Sure, the government may have not been great, and maybe corrupt, but it was still elected. If corruption and waste and incompetence alone were grounds for the military to step in, well, I can think of lots of western countries that deserve a bit of military rule.
But that's not how democracy--and the rule of law--work. Democracy means that sometimes you elect bad leaders. But in a democracy where the rule of law prevails, you endure and wait for a chance to vote the bastard out.
If, tomorrow, General Hillier decided to be done with Harper, even if he were bumbling and useless, the correct thing for the Governor General or the Queen to do would be to instantly demand the restoration of Harper and his government--namely, to defend the rule of law and the Constitution. That's the crown's job.
But what Rama IX has done simply is to say, sure, I'm okay with going around the constitution and the rule of law and endorsing blatantly illegal acts by the army, no matter how salutary the result.

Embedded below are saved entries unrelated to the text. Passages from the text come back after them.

lemma L_x_P_Suc_P: "L (pCons 0 (P (Suc n) * P n)) = h (Suc n)"
proof -
  have "coeff (pCons 0 (P n) - P (Suc n)) i = 0" if "Suc n \<le> i" for i
    using that by (cases "i = Suc n")
      (auto simp: coeff_pCons coeff_P_degree coeff_P_above_degree split: nat.split)
  then have "L ((pCons 0 (P n) - P (Suc n)) * P (Suc n)) = 0"
    by (intro L_times_P_eq_0) auto
  then have "L (pCons 0 (P n * P (Suc n))) = h (Suc n)"
    by (simp add: h_def left_diff_distrib L_diff)
  then show ?thesis
    by (simp add: mult.commute)
qed

definition alpha :: "nat \<Rightarrow> real" where
  "alpha n = L (pCons 0 (P n * P n)) / h n"

definition beta :: "nat \<Rightarrow> real" where
  "beta n = (if n = 0 then 0 else h n / h (n - 1))"

lemma three_term_recurrence:
  "P (Suc n) = pCons 0 (P n) - smult (alpha n) (P n) - smult (beta n) (P (n - 1))"
proof -
  define D where
    "D = P (Suc n) - pCons 0 (P n) + smult (alpha n) (P n) + smult (beta n) (P (n - 1))"
  have LD: "L (D * P i) = L (P (Suc n) * P i) - L (pCons 0 (P n * P i))
      + alpha n * L (P n * P i) + beta n * L (P (n - 1) * P i)" for i
    by (simp add: D_def algebra_simps L_add L_diff L_smult)
  have "coeff D i = 0" if "Suc n \<le> i" for i
    using that by (cases "i = Suc n")
      (auto simp: D_def coeff_pCons coeff_P_degree coeff_P_above_degree split: nat.split)
  moreover have "L (D * P i) = 0" if "i \<le> n" for i
  proof -
    consider "i = n" | "n = Suc i" | "Suc i < n"
      using \<open>i \<le> n\<close> by linarith
    then show ?thesis
    proof cases
      case 1
      then show ?thesis
        using h_pos[of n] by (simp add: LD orthogonal_P alpha_def beta_def h_def)
    next
      case 2
      then show ?thesis
        using h_pos[of i] by (simp add: LD orthogonal_P L_x_P_Suc_P beta_def h_def)
    next
      case 3
      have "coeff (pCons 0 (P i)) j = 0" if "n \<le> j" for j
        using 3 that coeff_P_above_degree[of i "j - 1"] by (auto simp: coeff_pCons split: nat.split)
      then have "L (pCons 0 (P i) * P n) = 0"
        by (intro L_times_P_eq_0) auto
      then show ?thesis
        using 3 by (simp add: LD orthogonal_P mult.commute)
    qed
  qed
  ultimately have "D = 0"
    by (intro eq_0_if_orthogonal_to_P[of n]) auto
  then show ?thesis
    by (simp add: D_def algebra_simps)
qed

lemma coeff_pderiv_P_above: "n \<le> i \<Longrightarrow> coeff (pderiv (P n)) i = 0"
  by (simp add: coeff_pderiv coeff_P_above_degree)

lemma L_pderiv_P_square: "L (pderiv (P n * P n)) = 0"
proof -
  have "L (pderiv (P n) * P n) = 0"
    by (intro L_times_P_eq_0) (auto simp: coeff_pderiv_P_above)
  then show ?thesis
    by (simp only: pderiv_mult L_add) (simp add: mult.commute)
qed

lemma L_pderiv_P_Suc_P: "L (pderiv (P (Suc n) * P n)) = Suc n * h n"
proof -
  have "L (pderiv (P n) * P (Suc n)) = 0"
    by (intro L_times_P_eq_0) (auto simp: coeff_pderiv_P_above)
  moreover have "coeff (pderiv (P (Suc n)) - smult (Suc n) (P n)) i = 0" if "n \<le> i" for i
    using that coeff_P_degree[of "Suc n"] coeff_P_degree[of n]
      coeff_P_above_degree[of "Suc n" "Suc i"] coeff_P_above_degree[of n i]
    by (cases "i = n") (auto simp: coeff_pderiv)
  then have "L ((pderiv (P (Suc n)) - smult (Suc n) (P n)) * P n) = 0"
    by (intro L_times_P_eq_0) auto
  then have "L (pderiv (P (Suc n)) * P n) = Suc n * h n"
    by (simp only: left_diff_distrib L_diff mult_smult_left L_smult h_def)
  ultimately show ?thesis
    by (simp only: pderiv_mult L_add) (simp add: mult.commute)
qed

end

locale orthogonal_polys_pearson = orthogonal_polys +
  fixes m :: nat and c t :: "nat \<Rightarrow> real"
  assumes L_pderiv: "L (pderiv q) = 2 * L (pCons 0 q) - (\<Sum>k=1..m. c k * poly q (t k))"
begin

definition R :: "nat \<Rightarrow> nat \<Rightarrow> real" where
  "R n k = c k * (poly (P n) (t k))^2 / h n"

definition r :: "nat \<Rightarrow> nat \<Rightarrow> real" where
  "r n k = (if n = 0 then 0 else c k * poly (P n) (t k) * poly (P (n - 1)) (t k) / h (n - 1))"

lemma alpha_eq_half_sum_R: "alpha n = (1/2) * (\<Sum>j=1..m. R n j)"
proof -
  have "2 * L (pCons 0 (P n * P n)) = (\<Sum>j=1..m. c j * (poly (P n) (t j))^2)"
    using L_pderiv[of "P n * P n"] by (simp add: L_pderiv_P_square power2_eq_square)
  moreover have "(\<Sum>j=1..m. R n j) = (\<Sum>j=1..m. c j * (poly (P n) (t j))^2) / h n"
    by (simp add: R_def sum_divide_distrib)
  ultimately show ?thesis
    using h_pos[of n] by (simp add: alpha_def field_simps)
qed

lemma sum_r_Suc: "(\<Sum>k=1..m. r (Suc n) k) + Suc n = 2 * h (Suc n) / h n"
proof -
  have "Suc n * h n
      = 2 * h (Suc n) - (\<Sum>k=1..m. c k * poly (P (Suc n)) (t k) * poly (P n) (t k))"
    using L_pderiv[of "P (Suc n) * P n"] by (simp add: L_pderiv_P_Suc_P L_x_P_Suc_P mult.assoc)
  moreover have "(\<Sum>k=1..m. r (Suc n) k)
      = (\<Sum>k=1..m. c k * poly (P (Suc n)) (t k) * poly (P n) (t k)) / h n"
    by (simp add: r_def sum_divide_distrib)
  ultimately show ?thesis
    using h_pos[of n] by (simp add: field_simps)
qed

lemma r_Suc: "r (Suc n) k = - r n k + (t k - (1/2) * (\<Sum>j=1..m. R n j)) * R n k"
proof -
  have beta_r: "beta n * (c k * poly (P n) (t k) * poly (P (n - 1)) (t k)) / h n = r n k"
    using h_pos[of n] by (cases n) (simp_all add: beta_def r_def)
  have "r (Suc n) k = c k * poly (P (Suc n)) (t k) * poly (P n) (t k) / h n"
    by (simp add: r_def)
  also have "\<dots> = (t k - alpha n) * R n k - r n k"
    unfolding beta_r[symmetric] R_def
    by (subst three_term_recurrence)
      (simp add: algebra_simps power2_eq_square diff_divide_distrib add_divide_distrib)
  finally show ?thesis
    by (simp add: alpha_eq_half_sum_R)
qed

lemma r_Suc_square: "(r (Suc n) k)^2 = R (Suc n) k * R n k * h (Suc n) / h n"
  using h_pos[of n] h_pos[of "Suc n"] by (simp add: r_def R_def field_simps power2_eq_square)

lemma R_eq_r_square:
  assumes "n \<ge> 1" and "R (n - 1) k \<noteq> 0"
  shows "R n k = 2 * (r n k)^2 / (((\<Sum>j=1..m. r n j) + n) * R (n - 1) k)"
proof -
  obtain n' where n: "n = Suc n'"
    using assms(1) by (cases n) auto
  have sum_r: "(\<Sum>j=1..m. r n j) + n = 2 * h n / h n'"
    using sum_r_Suc[of n'] by (simp add: n)
  show ?thesis
    unfolding sum_r using assms(2) h_pos[of n] h_pos[of n']
    by (simp add: n r_Suc_square field_simps)
qed

lemma R_eq_r_square_ratio:
  assumes "n \<ge> 1" and "(r n j)^2 * R (n - 1) k \<noteq> 0"
  shows "R n k = (r n k)^2 * R (n - 1) j / ((r n j)^2 * R (n - 1) k) * R n j"
proof -
  obtain n' where "n = Suc n'"
    using assms(1) by (cases n) auto
  then show ?thesis
    using assms(2) h_pos[of n] h_pos[of n'] by (simp add: r_Suc_square field_simps)
qed

lemma R_0: "R 0 k = c k / L 1"
  by (simp add: R_def h_def P_0)

end


section \<open>Gaussian integrals of polynomials\<close>

lemma integrable_monomial_gaussian: "integrable lborel (\<lambda>x::real. x^k * exp (-(x^2)))"
proof (cases "even k")
  case True
  then obtain j where "k = 2 * j" by (auto elim: evenE)
  moreover have "has_bochner_integral lborel (\<lambda>x::real. exp (-(x^2)) * x^(2 * j))
      (2 *\<^sub>R ((sqrt pi / 2) * (fact (2 * j) / (2 ^ (2 * j) * fact j))))"
    by (rule has_bochner_integral_even_function[OF gaussian_moment_even_pos]) (simp add: power_mult)
  ultimately show ?thesis by (auto intro: integrable.intros simp: mult.commute)
next
  case False
  then obtain j where "k = 2 * j + 1" by (auto elim: oddE)
  moreover have "has_bochner_integral lborel (\<lambda>x::real. exp (-(x^2)) * x^(2 * j + 1)) 0"
    by (rule has_bochner_integral_odd_function[OF gaussian_moment_odd_pos]) (simp add: power_mult)
  ultimately show ?thesis by (auto intro: integrable.intros simp: mult.commute)
qed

Once the King approves of that, where's the limit? Sure, Thaksin wasn't a great PM, but he wasn't a dictator, and wasn't engaging in the sort of behaviour that might justify the army stepping in. He was elected. If you make a mistake and elect a loser, you don't get a deus ex machina to bail you out--you have to pay for your mistake and vote for someone better the next time. But now the Thai military can say, any time they don't like the government, hey, he was ineffective, so we're going to remove him.
As the Post notes:
The distaste for Thaksin may have colored the tepid U.S. response. "Nobody wants to go to bat for Thaksin. He's just an odious figure," said Michael A. McFaul, director of Stanford University's Center on Democracy, Development and the Rule of Law. "But there's the problem -- democracy's not about picking winners and losers, it's about defending institutions."Democracy and the rule of law died a little in Asia this week. Australia is right to point out that it thought Asia had moved beyond that.

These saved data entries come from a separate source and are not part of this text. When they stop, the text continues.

lemma martingale_normalized_path_length:
  "real_martingale_from 1 M (hoppe_filtration M P) (\<lambda>n x. normalized_path_length t n (\<lambda>i. P i x))"
  unfolding real_martingale_from_def
proof (intro conjI allI impI)
  fix n :: nat assume "1 \<le> n"
  then show "AE x in M. real_cond_exp M (hoppe_filtration M P n) (\<lambda>x. normalized_path_length t (Suc n) (\<lambda>i. P i x)) x
               = normalized_path_length t n (\<lambda>i. P i x)"
    by (rule cond_exp_normalized_path_length)
next
  fix n :: nat
  show "(\<lambda>x. normalized_path_length t n (\<lambda>i. P i x)) \<in> borel_measurable (hoppe_filtration M P n)"
    by (rule measurable_determined_upto[OF measurable_P_hoppe_filtration determined_upto_normalized_path_length])
qed (auto simp: subalgebra_hoppe_filtration hoppe_filtration_mono
      integrable_determined_upto[OF determined_upto_normalized_path_length])

end

theorem theorem2p6:
  fixes M :: "'a measure" and theta :: real and P :: "nat \<Rightarrow> 'a \<Rightarrow> nat"
  assumes M: "prob_space M"
    and theta_pos: "theta > 0"
    and meas: "\<And>i. P i \<in> measurable M (count_space UNIV)"
    and indep: "prob_space.indep_vars M (\<lambda>_. count_space UNIV) P {2..}"
    and distr: "\<And>i j. i \<ge> 2 \<Longrightarrow>
                  measure M {x \<in> space M. P i x = j} = hoppe_parent_prob theta i j"
  defines "I \<equiv> (\<lambda>n x. real (hoppe_ipl (\<lambda>i. P i x) n))"
  shows "(\<forall>n\<ge>1. prob_space.expectation M (I n)
                   = (theta + real n - 1) * (\<Sum>i=1..n-1. 1 / (theta + real i)))
     \<and> (\<lambda>n. prob_space.expectation M (I n)
              - (real n * ln (real n) - Digamma (theta + 1) * real n)) \<in> o(\<lambda>n. real n)
     \<and> (\<lambda>n. prob_space.variance M (I n)
              - (2 / (theta + 1) - Polygamma 1 (theta + 1)) * (real n)^2) \<in> o(\<lambda>n. (real n)^2)
     \<and> real_martingale_from 1 M (hoppe_filtration M P)
         (\<lambda>n x. (I n x - prob_space.expectation M (I n)) / (theta + real n - 1))
     \<and> (\<forall>n\<ge>1. prob_space.expectation M
         (\<lambda>x. (I n x - prob_space.expectation M (I n)) / (theta + real n - 1)) = 0)"
proof -
  interpret hoppe_tree M theta P
    using M theta_pos meas indep distr by (simp add: hoppe_tree_def hoppe_tree_axioms_def)
  have I: "I n = (\<lambda>x. path_length (\<lambda>i. P i x) n)" for n
    by (simp add: I_def path_length_def)
  have E: "expectation (I n) = (theta + real n - 1) * shifted_harmonic theta n" for n
    unfolding I by (rule expectation_path_length)
  have V: "variance (I n) = (theta + real n - 1) * (theta + real n) * ipl_variance_sum theta n" for n
    unfolding I by (rule variance_path_length)
  have X: "(I n x - expectation (I n)) / (theta + real n - 1) = normalized_path_length theta n (\<lambda>i. P i x)"
    for n x
    unfolding E normalized_path_length_eq[OF theta_pos] by (simp add: I)
  have "shifted_harmonic theta n = (\<Sum>i=1..n-1. 1 / (theta + real i))" if "n \<ge> 1" for n
    using that by (cases n) (simp_all add: shifted_harmonic_def atLeastLessThanSuc_atLeastAtMost)
  \<comment> \<open>X and V are unfolded before E, which would rewrite inside their left-hand sides\<close>
  then show ?thesis
    unfolding X V
    using shifted_harmonic_asymp[OF theta_pos] ipl_variance_sum_asymp[OF theta_pos]
      martingale_normalized_path_length expectation_normalized_path_length
    by (simp add: E)
qed

end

Lorne W. Craner, former assistant secretary of state under Bush and now director of the International Republican Institute, agreed that U.S. concerns with Thaksin did not justify a coup. "You can't sanction a coup just because you don't like the guy if you're going to stand up for democracy," he said. "It's unconstitutional."
Coups are never okay in a democracy, and Canada, which advertises itself as a great promoter of the rule of law, should come out strongly and insist that Thaksin be restored, no matter how bad a PM he was.

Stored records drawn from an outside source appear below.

text \<open>Generalized standard form of the generator L (domain D) with operators
  M (domain DM) and L_k (k ranging over nat; finitely many operators are covered by
  taking the remaining ones to be zero).\<close>
definition gen_standard_form ::
  "'i mat set \<Rightarrow> ('i mat \<Rightarrow> 'i mat) \<Rightarrow> 'i vec set \<Rightarrow> ('i vec \<Rightarrow> 'i vec) \<Rightarrow>
   (nat \<Rightarrow> 'i vec \<Rightarrow> 'i vec) \<Rightarrow> bool" where
  "gen_standard_form D L DM M Lk \<longleftrightarrow>
     \<comment> \<open>M is a densely defined closed linear operator generating a semigroup on H\<close>
     linear_on_l2 DM M \<and>
     (\<forall>x\<in>l2. \<forall>\<epsilon>>0. \<exists>y\<in>DM. l2_norm (vsub x y) < \<epsilon>) \<and>
     (\<forall>xs x y. (\<forall>n. xs n \<in> DM) \<and> x \<in> l2 \<and> y \<in> l2 \<and>
        (\<lambda>n. l2_norm (vsub (xs n) x)) \<longlonglongrightarrow> 0 \<and>
        (\<lambda>n. l2_norm (vsub (M (xs n)) y)) \<longlonglongrightarrow> 0 \<longrightarrow> x \<in> DM \<and> M x = y) \<and>
     (\<exists>S. c0_semigroup_l2 S \<and> semigroup_generator_l2 S DM (\<lambda>x. vscale (-1) (M x))) \<and>
     \<comment> \<open>the L_k are linear and relatively bounded with respect to M\<close>
     (\<forall>k. linear_on_l2 DM (Lk k) \<and>
          (\<exists>a b. \<forall>x\<in>DM. l2_norm (Lk k x) \<le> a * l2_norm x + b * l2_norm (M x))) \<and>
     \<comment> \<open>action of L on |phi><psi|; the series converges in trace norm\<close>
     (\<forall>\<phi>\<in>DM. \<forall>\<psi>\<in>DM. rank1 \<phi> \<psi> \<in> D \<and>
        (\<lambda>n. trace_norm (msub (msum (\<lambda>k. rank1 (Lk k \<phi>) (Lk k \<psi>)) n)
                (madd (madd (L (rank1 \<phi> \<psi>)) (rank1 (M \<phi>) \<psi>)) (rank1 \<phi> (M \<psi>)))))
          \<longlonglongrightarrow> 0) \<and>
     \<comment> \<open>D(L) is the graph norm closure of D_0 (D_0 is a subset of D by the above)\<close>
     (\<forall>\<rho>\<in>D. \<exists>s. (\<forall>n. s n \<in> D0 DM) \<and>
        (\<lambda>n. trace_norm (msub (s n) \<rho>) + trace_norm (msub (L (s n)) (L \<rho>))) \<longlonglongrightarrow> 0) \<and>
     \<comment> \<open>normalisation\<close>
     (\<forall>\<phi>\<in>DM. (\<lambda>k. complex_of_real ((l2_norm (Lk k \<phi>))\<^sup>2))
                 sums (l2_inner \<phi> (M \<phi>) + l2_inner (M \<phi>) \<phi>))"

definition Mcal :: "('i vec \<Rightarrow> 'i vec) \<Rightarrow> 'i vec \<Rightarrow> 'i vec \<Rightarrow> 'i mat" where
  "Mcal M \<phi> \<psi> = madd (rank1 (M \<phi>) \<psi>) (rank1 \<phi> (M \<psi>))"

definition Lplus :: "('i mat \<Rightarrow> 'i mat) \<Rightarrow> ('i vec \<Rightarrow> 'i vec) \<Rightarrow> 'i vec \<Rightarrow> 'i vec \<Rightarrow> 'i mat" where
  "Lplus L M \<phi> \<psi> = madd (L (rank1 \<phi> \<psi>)) (Mcal M \<phi> \<psi>)"

end

theory Submission
  imports Defs
begin

text \<open>Both \<open>Mcal\<close> and \<open>L\<^sub>+\<close> are sesquilinear in \<open>(\<phi>, \<psi>)\<close>, so each difference splits into
  rank one operators \<open>|u\<rangle>\<langle>v|\<close> whose trace norm is at most \<open>\<parallel>u\<parallel> \<parallel>v\<parallel>\<close>. For \<open>Mcal\<close> this gives the
  bound at once. \<open>L\<^sub>+(|\<phi>\<rangle>\<langle>\<psi>|)\<close> is the trace norm limit of \<open>\<Sum>\<^bsub>k<n\<^esub> |L\<^sub>k \<phi>\<rangle>\<langle>L\<^sub>k \<psi>|\<close>; the
  normalisation \<open>\<Sum>\<^sub>k \<parallel>L\<^sub>k x\<parallel>\<^sup>2 = 2 Re \<langle>x, M x\<rangle> \<le> 2 \<parallel>x\<parallel> \<parallel>M x\<parallel>\<close> together with Cauchy-Schwarz
  bounds every partial sum of the difference by the same quantity, and the bound passes to
  the limit.\<close>

section \<open>The Hilbert space l2\<close>

lemma l2_norm_nonneg: "0 \<le> l2_norm x"
  unfolding l2_norm_def by (simp add: infsum_nonneg)

lemma zero_in_l2: "(\<lambda>i. 0) \<in> l2"
  and l2_norm_zero: "l2_norm (\<lambda>i. 0) = 0"
  unfolding l2_def l2_norm_def by auto

lemma vscale_in_l2: "x \<in> l2 \<Longrightarrow> vscale c x \<in> l2"
  unfolding l2_def vscale_def
  by (auto simp: norm_mult power_mult_distrib intro: summable_on_cmult_right)

lemma l2_norm_vscale: "l2_norm (vscale c x) = cmod c * l2_norm x"
  unfolding l2_norm_def vscale_def
  by (simp add: norm_mult power_mult_distrib infsum_cmult_right' real_sqrt_mult)

lemma vsub_in_l2:
  assumes "x \<in> l2" "y \<in> l2"
  shows "vsub x y \<in> l2"
proof -
  have bound: "(\<lambda>i. 2 * (cmod (x i))\<^sup>2 + 2 * (cmod (y i))\<^sup>2) summable_on UNIV"
    using assms unfolding l2_def by (intro summable_on_add summable_on_cmult_right) auto
  have "(cmod (x i - y i))\<^sup>2 \<le> 2 * (cmod (x i))\<^sup>2 + 2 * (cmod (y i))\<^sup>2" for i
  proof -
    have "(cmod (x i - y i))\<^sup>2 \<le> (cmod (x i) + cmod (y i))\<^sup>2"
      by (intro power_mono norm_triangle_ineq4) auto
    also have "\<dots> \<le> 2 * (cmod (x i))\<^sup>2 + 2 * (cmod (y i))\<^sup>2"
      using sum_squares_bound[of "cmod (x i)" "cmod (y i)"] by (simp add: power2_sum)
    finally show ?thesis .
  qed
  then have "(\<lambda>i. (cmod (x i - y i))\<^sup>2) summable_on UNIV"
    by (intro summable_on_comparison_test[OF bound]) auto
  then show ?thesis unfolding l2_def vsub_def by simp
qed

lemma L2_set_le_l2_norm:
  assumes "x \<in> l2" "finite F"
  shows "L2_set (\<lambda>i. cmod (x i)) F \<le> l2_norm x"
  using assms unfolding l2_def l2_norm_def L2_set_def
  by (intro real_sqrt_le_mono finite_sum_le_infsum) auto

The rule of law demands nothing less.
1 comment:
Great post.
It's sounding a lot like Pakistan 6 years ago. When Musharaf took power, he promised to hold new elections within a year. Oh, but it wasn't "stable" enough. Aparantly, after six years of packing every government institution with military croanies, it still isn't.
Coups are arbitrary and should be discouraged by the international community. Democracy is not about picking charismatic leaders, it is about competitive elections that prevent governments from consolidating too much power.